From April 2027, pensions will become subject to inheritance tax following announcements in the previous Budget, fundamentally altering estate planning strategies.
Additionally, widespread speculation suggests the Chancellor might reduce the current tax-free withdrawal allowance in November’s Budget, which presently permits 25 per cent of pension savings up to £268,275.
These anticipated changes have reportedly driven many retirees to access maximum amounts immediately rather than risk future restrictions.
The combination of confirmed inheritance tax modifications and potential Budget alterations has created unprecedented urgency among pension holders seeking to protect their accumulated wealth.
Adrian Murphy, chief executive of Murphy Wealth, explained that inheritance tax changes have “essentially reversed years of financial planning and advice” as pensions were previously passed tax-free to spouses or children.
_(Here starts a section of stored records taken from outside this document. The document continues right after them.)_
lemma closed_R_le_L_le:
  fixes p :: 'a
  shows "closed {x. R_le x p}" "closed {x. R_le p x}" "closed {x. L_le x p}" "closed {x. L_le p x}"
proof -
  let ?mult = "\<lambda>x :: 'a \<times> 'a. fst x * snd x"
  have image_closed: "closed (f ` K)" if "compact K" "continuous_on K f" for f :: "'a \<times> 'a \<Rightarrow> 'a" and K
    using closed_if_compact_Hausdorff[OF Hausdorff] compact_continuous_image that by blast
  have compact_factorisations: "compact (?mult -` {p})"
    using compact_Int_closed[OF compact_Times[OF compact compact]]
      continuous_on_closed_vimage[OF closed_UNIV, THEN iffD1, OF continuous_mult]
      closed_if_compact_Hausdorff[OF Hausdorff finite_imp_compact[of "{p}"]] by simp
  have "{x. R_le x p} = ?mult ` ({p} \<times> UNIV)" "{x. L_le x p} = ?mult ` (UNIV \<times> {p})"
    "{x. R_le p x} = fst ` (?mult -` {p})" "{x. L_le p x} = snd ` (?mult -` {p})"
    unfolding R_le_def L_le_def
    by (auto intro: image_eqI[where x = "(_, _)"])
  moreover have "compact ({p} \<times> (UNIV :: 'a set))" "compact ((UNIV :: 'a set) \<times> {p})"
    using compact by (simp_all add: compact_Times)
  moreover have "continuous_on K fst" "continuous_on K snd" for K :: "('a \<times> 'a) set"
    using continuous_on_fst[OF continuous_on_id] continuous_on_snd[OF continuous_on_id] by auto
  ultimately show "closed {x. R_le x p}" "closed {x. R_le p x}" "closed {x. L_le x p}" "closed {x. L_le p x}"
    using image_closed compact_factorisations continuous_on_subset[OF continuous_mult] by auto
qed

lemma finite_H_class:
  fixes p q :: 'a
  assumes countable: "countable (UNIV :: 'a set)"
  shows "finite (R_class p \<inter> L_class q)"
proof -
  let ?H = "R_class p \<inter> L_class q"
  have "closed ?H"
    unfolding R_class_def L_class_def Collect_conj_eq
    by (intro closed_Int closed_R_le_L_le)
  then have "compact ?H"
    using compact_Int_closed[OF compact] by simp
  moreover have "discrete ?H"
  proof (cases "?H = {}")
    case False
    moreover have "countable ?H"
      using countable_subset[OF subset_UNIV countable] .
    ultimately obtain s where "s isolated_in ?H"
      using countable_compact_Hausdorff_has_isolated_point[OF Hausdorff \<open>compact ?H\<close>] by blast
    then obtain U where s: "s \<in> ?H" and U: "open U" "U \<inter> ?H = {s}"
      by (auto simp: isolated_in_def)
    show ?thesis
    proof (rule discreteI)
      fix y assume y: "y \<in> ?H"
      obtain t t' where t: "s = y * t" "y = s * t'"
        and translate: "\<And>z. z \<in> ?H \<Longrightarrow> z * t \<in> ?H \<and> z * t * t' = z"
        using H_class_right_translation[OF y s] by blast
      have "continuous_on UNIV (\<lambda>z. z * t)"
        using continuous_on_compose2[OF continuous_mult, of UNIV "\<lambda>z. (z, t)"]
        by (simp add: continuous_on_Pair)
      then have "open ((\<lambda>z. z * t) -` U)"
        using U(1) by (simp add: continuous_on_open_vimage)
      moreover have "(\<lambda>z. z * t) -` U \<inter> ?H = {y}"
      proof (intro equalityI subsetI)
        fix z assume z: "z \<in> (\<lambda>z. z * t) -` U \<inter> ?H"
        then have "z * t = s"
          using U(2) translate by blast
        then show "z \<in> {y}"
          using translate z t(2) by force
      qed (use U(2) s t(1) y in auto)
      ultimately show "y isolated_in ?H"
        using y by (auto simp: isolated_in_def)
    qed
  qed (simp add: discrete_def)
  ultimately show ?thesis
    by (rule compact_discrete_imp_finite)
qed

end

section \<open>Words over a generating set\<close>

lemma subsemigroup_generated_subset: "C \<subseteq> subsemigroup_generated C"
  unfolding subsemigroup_generated_def by blast

lemma subsemigroup_generated_mult:
  "x \<in> subsemigroup_generated C \<Longrightarrow> y \<in> subsemigroup_generated C \<Longrightarrow> x * y \<in> subsemigroup_generated C"
  unfolding subsemigroup_generated_def by blast

lemma subsemigroup_generated_least:
  "C \<subseteq> S \<Longrightarrow> (\<And>x y. x \<in> S \<Longrightarrow> y \<in> S \<Longrightarrow> x * y \<in> S) \<Longrightarrow> subsemigroup_generated C \<subseteq> S"
  unfolding subsemigroup_generated_def by blast

text \<open>There is no unit, so only nonempty words have a meaningful product.\<close>

definition word_prod :: "'a::semigroup_mult list \<Rightarrow> 'a" where
  "word_prod w = foldl (*) (hd w) (tl w)"

lemma foldl_mult_assoc: "foldl (*) (a * b) w = (a :: 'a::semigroup_mult) * foldl (*) b w"
  by (induction w arbitrary: b) (simp_all add: mult.assoc)

lemma word_prod_singleton [simp]: "word_prod [a] = a"
  by (simp add: word_prod_def)

lemma word_prod_append:
  assumes "u \<noteq> []" and "v \<noteq> []"
  shows "word_prod (u @ v) = word_prod u * word_prod v"
  using assms by (cases u; cases v) (simp_all add: word_prod_def foldl_mult_assoc)

lemma word_prod_snoc: "u \<noteq> [] \<Longrightarrow> word_prod (u @ [a]) = word_prod u * a"
  using word_prod_append[of u "[a]"] by simp

lemma word_prod_in_subsemigroup_generated:
  "w \<noteq> [] \<Longrightarrow> set w \<subseteq> C \<Longrightarrow> word_prod w \<in> subsemigroup_generated C"
proof (induction w rule: rev_induct)
  case (snoc a w)
  then show ?case
    using subsemigroup_generated_subset[of C] subsemigroup_generated_mult
    by (cases "w = []") (auto simp: word_prod_snoc)
qed simp

lemma subsemigroup_generatedE:
  assumes "x \<in> subsemigroup_generated C"
  obtains w where "w \<noteq> []" "set w \<subseteq> C" "x = word_prod w"
proof -
  let ?W = "{word_prod w | w. w \<noteq> [] \<and> set w \<subseteq> C}"
  have "C \<subseteq> ?W"
    by (force intro: exI[of _ "[_]"])
  moreover have "x * y \<in> ?W" if "x \<in> ?W" "y \<in> ?W" for x y
    using that by (force simp flip: word_prod_append)
  ultimately have "x \<in> ?W"
    using subsemigroup_generated_least assms by blast
  then show thesis
    using that by blast
qed

lemma split_list_shortest_full_prefix:
  "w \<noteq> [] \<Longrightarrow> \<exists>u c v. w = u @ c # v \<and> set u \<subset> set w \<and> set (u @ [c]) = set w"
proof (induction w rule: rev_induct)
  case (snoc a w)
  show ?case
  proof (cases "set w = set (w @ [a])")
    case True
    with snoc obtain u c v where "w = u @ c # v" "set u \<subset> set w" "set (u @ [c]) = set w"
      by fastforce
    with True show ?thesis
      by (metis append.assoc append_Cons)
  next
    case False
    then show ?thesis
      by auto
  qed
qed simp

lemma split_list_shortest_full_suffix:
  assumes "w \<noteq> []"
  shows "\<exists>u c v. w = u @ c # v \<and> set v \<subset> set w \<and> set (c # v) = set w"
proof -
  obtain u c v where "rev w = u @ c # v" "set u \<subset> set w" "set (u @ [c]) = set w"
    using split_list_shortest_full_prefix[of "rev w"] assms by auto
  then have "w = rev v @ c # rev u" "set (rev u) \<subset> set w" "set (c # rev u) = set w"
    by (auto simp: rev_swap)
  then show ?thesis
    by blast
qed
lemma bad_sep_witness_apex:
  assumes "bad_sep_witness S m x y B a b c"
  shows "c \<in> {x, y}"
proof (rule ccontr)
  assume "c \<notin> {x, y}"
  then have xy: "{x, y} \<subseteq> {a, b}" using assms by (auto simp: bad_sep_witness_def)
  have "a \<in> S" "b \<in> S" "m a b = 2" using assms by (auto simp: bad_sep_witness_def)
  then have "m s t \<in> {1, 2}" if "s \<in> {a, b}" "t \<in> {a, b}" for s t
    using that m_sym[of a b] m_diag by auto
  then show False using xy m_xy by force
qed

lemma bad_sep_witness_simplex:
  assumes w: "bad_sep_witness S m x y B a b c" and t: "t \<in> B"
  shows "simplex S m {x, y, t}"
proof -
  have abc: "simplex S m {a, b, c}" and xy: "{x, y} \<subseteq> {a, b, c}"
    using w by (auto simp: bad_sep_witness_def max_irred_simplex_def irred_simplex_def)
  consider "t \<in> {a, b}" | "t \<in> perp S m {a, b, c}" using w t by (auto simp: bad_sep_witness_def)
  then show ?thesis
  proof cases
    case 1
    then show ?thesis using abc xy unfolding simplex_def by blast
  next
    case 2
    then have t: "t \<in> S" "m t x = 2" "m t y = 2" using xy by (auto simp: perp_def)
    then have "m x t = 2" "m y t = 2" using x_in_S y_in_S m_sym by metis+
    moreover have "m x y < \<infinity>" "m y x < \<infinity>" "m x x < \<infinity>" "m y y < \<infinity>"
      using abc xy unfolding simplex_def by blast+
    moreover have "m t t < \<infinity>" using m_diag[OF t(1)] by simp
    ultimately show ?thesis using t x_in_S y_in_S unfolding simplex_def by auto
  qed
qed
“Now, though, more retirees are opting to spend the wealth they have built up in this wrapper, rather than letting it inflate the size of their estate and pass on a potentially large tax bill to their families,” he said.

Mr Murphy cautioned that whilst enjoying accumulated wealth is positive, sustainability remains crucial to avoid shortfalls in later retirement when care costs might arise.
He urged seeking professional guidance before making irreversible pension decisions based on speculation.
The wealth manager added: “That is an understandable decision. But, as these figures show, over the long term it can have quite serious financial implications for your retirement.
“Taking out a large tax-free lump sum may seem like a good option now, but it can significantly reduce the longevity of your retirement pot – in the two most extreme examples, by as much as a decade.”